◆ **WHAT IS BEING ASKED**: Once the line containing "alpha j = 0" is found in the entries below, reproduce it and every line after it, stopping at and including the line containing "h = (\<lambda>m."; reproduce nothing else, and keep each line exact.
** Opening EXTRACTED RECORDS block **
(* Let $A_0$ be a commutative ring, $d_1,\dots,d_g\in\mathbb{N}$, and let $A=A_0[Y_1,\dots,Y_g]$ be $\mathbb{Z}^2$-graded by $\deg Y_j=(d_j,1)$. Let $F$ be a finitely generated $\mathbb{Z}^2$-graded free $A$-module with homogeneous basis $e_1,\dots,e_p$, let $<$ be a monomial order on $F$, and let $U$ be a $\mathbb{Z}^2$-graded $A$-submodule of $F$. Then $\rho_{F/U}(v)=\rho_{F/\operatorname{in}_<(U)}(v)$ for all $v\in\mathbb{Z}$.
   Context: For a $\mathbb{Z}^2$-graded $A$-module $N$ and $v\in\mathbb{Z}$, $\rho_N(v)=\sup\{i\in\mathbb{Z} : N_{(i,v)}\neq0\}\in\mathbb{Z}\cup\{\pm\infty\}$. Monomials of $F$ are the elements $Y^\alpha e_k$ ($\alpha\in\mathbb{N}^g$); a monomial order on $F$ is a well-ordering of these monomials compatible with multiplication by monomials of $A$ (if $Y^\alpha e_k<Y^\beta e_l$ then $Y^\gamma Y^\alpha e_k<Y^\gamma Y^\beta e_l$). Writing a nonzero $u\in F$ as an $A_0$-linear combination of distinct monomials, its leading term $\operatorname{in}_<(u)=aY^\alpha e_k$ is the largest monomial occurring together with its (nonzero) coefficient $a\in A_0$. $\operatorname{in}_<(U)$ is the $A_0$-submodule of $F$ generated by the leading terms (with coefficients) of all nonzero elements of $U$; it is an $A$-submodule of $F$. *)

theory Defs
  imports Main "HOL-Library.Extended_Real"
begin

text \<open>
A_0 is a commutative ring (type 'a). A = A_0[Y_0,...,Y_{g-1}] (0-based indices),
deg Y_j = (d j, 1). F is the free A-module with basis e_0,...,e_{p-1}, deg e_k = ed k.
Elements of F are represented by their coefficient functions on monomials Y^alpha e_k,
a monomial being a pair (alpha, k) with alpha :: nat => nat an exponent vector with
alpha j = 0 for j >= g, and k < p.  Elements of F are the finitely supported such
coefficient functions supported on monomials.
\<close>

type_synonym mon = "(nat \<Rightarrow> nat) \<times> nat"

definition monoms :: "nat \<Rightarrow> nat \<Rightarrow> mon set" where
  "monoms g p = {(\<alpha>, k). (\<forall>j\<ge>g. \<alpha> j = 0) \<and> k < p}"

definition expos :: "nat \<Rightarrow> (nat \<Rightarrow> nat) set" where
  "expos g = {\<gamma>. \<forall>j\<ge>g. \<gamma> j = 0}"

definition supp :: "(mon \<Rightarrow> 'a::zero) \<Rightarrow> mon set" where
  "supp f = {m. f m \<noteq> 0}"

definition freemod :: "nat \<Rightarrow> nat \<Rightarrow> (mon \<Rightarrow> 'a::zero) set" where
  "freemod g p = {f. finite (supp f) \<and> supp f \<subseteq> monoms g p}"

definition mdeg :: "nat \<Rightarrow> (nat \<Rightarrow> nat) \<Rightarrow> (nat \<Rightarrow> int \<times> int) \<Rightarrow> mon \<Rightarrow> int \<times> int" where
  "mdeg g d ed m = (int (\<Sum>j<g. d j * fst m j) + fst (ed (snd m)),
                    int (\<Sum>j<g. fst m j) + snd (ed (snd m)))"

text \<open>Multiplication of an element of F by the monomial Y^gamma of A.\<close>
definition mmul :: "(nat \<Rightarrow> nat) \<Rightarrow> (mon \<Rightarrow> 'a::zero) \<Rightarrow> mon \<Rightarrow> 'a" where
  "mmul \<gamma> f = (\<lambda>(\<beta>, k). if (\<forall>j. \<gamma> j \<le> \<beta> j) then f (\<lambda>j. \<beta> j - \<gamma> j, k) else 0)"

definition madd :: "(mon \<Rightarrow> 'a::plus) \<Rightarrow> (mon \<Rightarrow> 'a) \<Rightarrow> mon \<Rightarrow> 'a" where
  "madd f h = (\<lambda>m. f m + h m)"

definition msmul :: "'a::times \<Rightarrow> (mon \<Rightarrow> 'a) \<Rightarrow> mon \<Rightarrow> 'a" where
  "msmul c f = (\<lambda>m. c * f m)"

definition hcomp :: "nat \<Rightarrow> (nat \<Rightarrow> nat) \<Rightarrow> (nat \<Rightarrow> int \<times> int) \<Rightarrow> int \<times> int
    \<Rightarrow> (mon \<Rightarrow> 'a::zero) \<Rightarrow> mon \<Rightarrow> 'a" where
  "hcomp g d ed \<delta> f = (\<lambda>m. if mdeg g d ed m = \<delta> then f m else 0)"

definition homog :: "nat \<Rightarrow> nat \<Rightarrow> (nat \<Rightarrow> nat) \<Rightarrow> (nat \<Rightarrow> int \<times> int) \<Rightarrow> int \<Rightarrow> int
    \<Rightarrow> (mon \<Rightarrow> 'a::zero) \<Rightarrow> bool" where
  "homog g p d ed i v f \<longleftrightarrow> f \<in> freemod g p \<and> (\<forall>m\<in>supp f. mdeg g d ed m = (i, v))"

text \<open>A-submodule of F (A is generated as A_0-module by the monomials Y^gamma).\<close>
definition submod :: "nat \<Rightarrow> nat \<Rightarrow> (mon \<Rightarrow> 'a::comm_ring_1) set \<Rightarrow> bool" where
  "submod g p U \<longleftrightarrow> U \<subseteq> freemod g p \<and> (\<lambda>_. 0) \<in> U
     \<and> (\<forall>f\<in>U. \<forall>h\<in>U. madd f h \<in> U)
     \<and> (\<forall>c. \<forall>f\<in>U. msmul c f \<in> U)
     \<and> (\<forall>\<gamma>\<in>expos g. \<forall>f\<in>U. mmul \<gamma> f \<in> U)"

definition graded_submod :: "nat \<Rightarrow> nat \<Rightarrow> (nat \<Rightarrow> nat) \<Rightarrow> (nat \<Rightarrow> int \<times> int)
    \<Rightarrow> (mon \<Rightarrow> 'a::comm_ring_1) set \<Rightarrow> bool" where
  "graded_submod g p d ed U \<longleftrightarrow> submod g p U \<and> (\<forall>u\<in>U. \<forall>\<delta>. hcomp g d ed \<delta> u \<in> U)"

definition monomial_order :: "nat \<Rightarrow> nat \<Rightarrow> (mon \<Rightarrow> mon \<Rightarrow> bool) \<Rightarrow> bool" where
  "monomial_order g p mless \<longleftrightarrow>
     (\<forall>m\<in>monoms g p. \<not> mless m m)
     \<and> (\<forall>m1\<in>monoms g p. \<forall>m2\<in>monoms g p. \<forall>m3\<in>monoms g p.
           mless m1 m2 \<longrightarrow> mless m2 m3 \<longrightarrow> mless m1 m3)
     \<and> (\<forall>m1\<in>monoms g p. \<forall>m2\<in>monoms g p. m1 = m2 \<or> mless m1 m2 \<or> mless m2 m1)
     \<and> wf {(m1, m2). m1 \<in> monoms g p \<and> m2 \<in> monoms g p \<and> mless m1 m2}
     \<and> (\<forall>\<gamma>\<in>expos g. \<forall>\<alpha> k \<beta> l. (\<alpha>, k) \<in> monoms g p \<longrightarrow> (\<beta>, l) \<in> monoms g p \<longrightarrow>
           mless (\<alpha>, k) (\<beta>, l) \<longrightarrow> mless (\<lambda>j. \<gamma> j + \<alpha> j, k) (\<lambda>j. \<gamma> j + \<beta> j, l))"

definition lead_mon :: "(mon \<Rightarrow> mon \<Rightarrow> bool) \<Rightarrow> (mon \<Rightarrow> 'a::zero) \<Rightarrow> mon" where
  "lead_mon mless u = (THE m. m \<in> supp u \<and> (\<forall>m'\<in>supp u. m' \<noteq> m \<longrightarrow> mless m' m))"

definition lead_term :: "(mon \<Rightarrow> mon \<Rightarrow> bool) \<Rightarrow> (mon \<Rightarrow> 'a::zero) \<Rightarrow> mon \<Rightarrow> 'a" where
  "lead_term mless u = (\<lambda>m. if m = lead_mon mless u then u m else 0)"

inductive_set A0_span :: "(mon \<Rightarrow> 'a::comm_ring_1) set \<Rightarrow> (mon \<Rightarrow> 'a) set"
  for S where
  zero: "(\<lambda>_. 0) \<in> A0_span S"
| step: "s \<in> S \<Longrightarrow> x \<in> A0_span S \<Longrightarrow> madd (msmul c s) x \<in> A0_span S"

definition init_mod :: "(mon \<Rightarrow> mon \<Rightarrow> bool) \<Rightarrow> (mon \<Rightarrow> 'a::comm_ring_1) set \<Rightarrow> (mon \<Rightarrow> 'a) set" where
  "init_mod mless U = A0_span {lead_term mless u | u. u \<in> U \<and> u \<noteq> (\<lambda>_. 0)}"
** Closing EXTRACTED RECORDS block **
◆ **RESULT FOR THIS EXERCISE**:
alpha j = 0 for j >= g, and k < p.  Elements of F are the finitely supported such
coefficient functions supported on monomials.
\<close>

type_synonym mon = "(nat \<Rightarrow> nat) \<times> nat"

definition monoms :: "nat \<Rightarrow> nat \<Rightarrow> mon set" where
  "monoms g p = {(\<alpha>, k). (\<forall>j\<ge>g. \<alpha> j = 0) \<and> k < p}"

definition expos :: "nat \<Rightarrow> (nat \<Rightarrow> nat) set" where
  "expos g = {\<gamma>. \<forall>j\<ge>g. \<gamma> j = 0}"

definition supp :: "(mon \<Rightarrow> 'a::zero) \<Rightarrow> mon set" where
  "supp f = {m. f m \<noteq> 0}"

definition freemod :: "nat \<Rightarrow> nat \<Rightarrow> (mon \<Rightarrow> 'a::zero) set" where
  "freemod g p = {f. finite (supp f) \<and> supp f \<subseteq> monoms g p}"

definition mdeg :: "nat \<Rightarrow> (nat \<Rightarrow> nat) \<Rightarrow> (nat \<Rightarrow> int \<times> int) \<Rightarrow> mon \<Rightarrow> int \<times> int" where
  "mdeg g d ed m = (int (\<Sum>j<g. d j * fst m j) + fst (ed (snd m)),
                    int (\<Sum>j<g. fst m j) + snd (ed (snd m)))"

text \<open>Multiplication of an element of F by the monomial Y^gamma of A.\<close>
definition mmul :: "(nat \<Rightarrow> nat) \<Rightarrow> (mon \<Rightarrow> 'a::zero) \<Rightarrow> mon \<Rightarrow> 'a" where
  "mmul \<gamma> f = (\<lambda>(\<beta>, k). if (\<forall>j. \<gamma> j \<le> \<beta> j) then f (\<lambda>j. \<beta> j - \<gamma> j, k) else 0)"

definition madd :: "(mon \<Rightarrow> 'a::plus) \<Rightarrow> (mon \<Rightarrow> 'a) \<Rightarrow> mon \<Rightarrow> 'a" where
  "madd f h = (\<lambda>m. f m + h m)"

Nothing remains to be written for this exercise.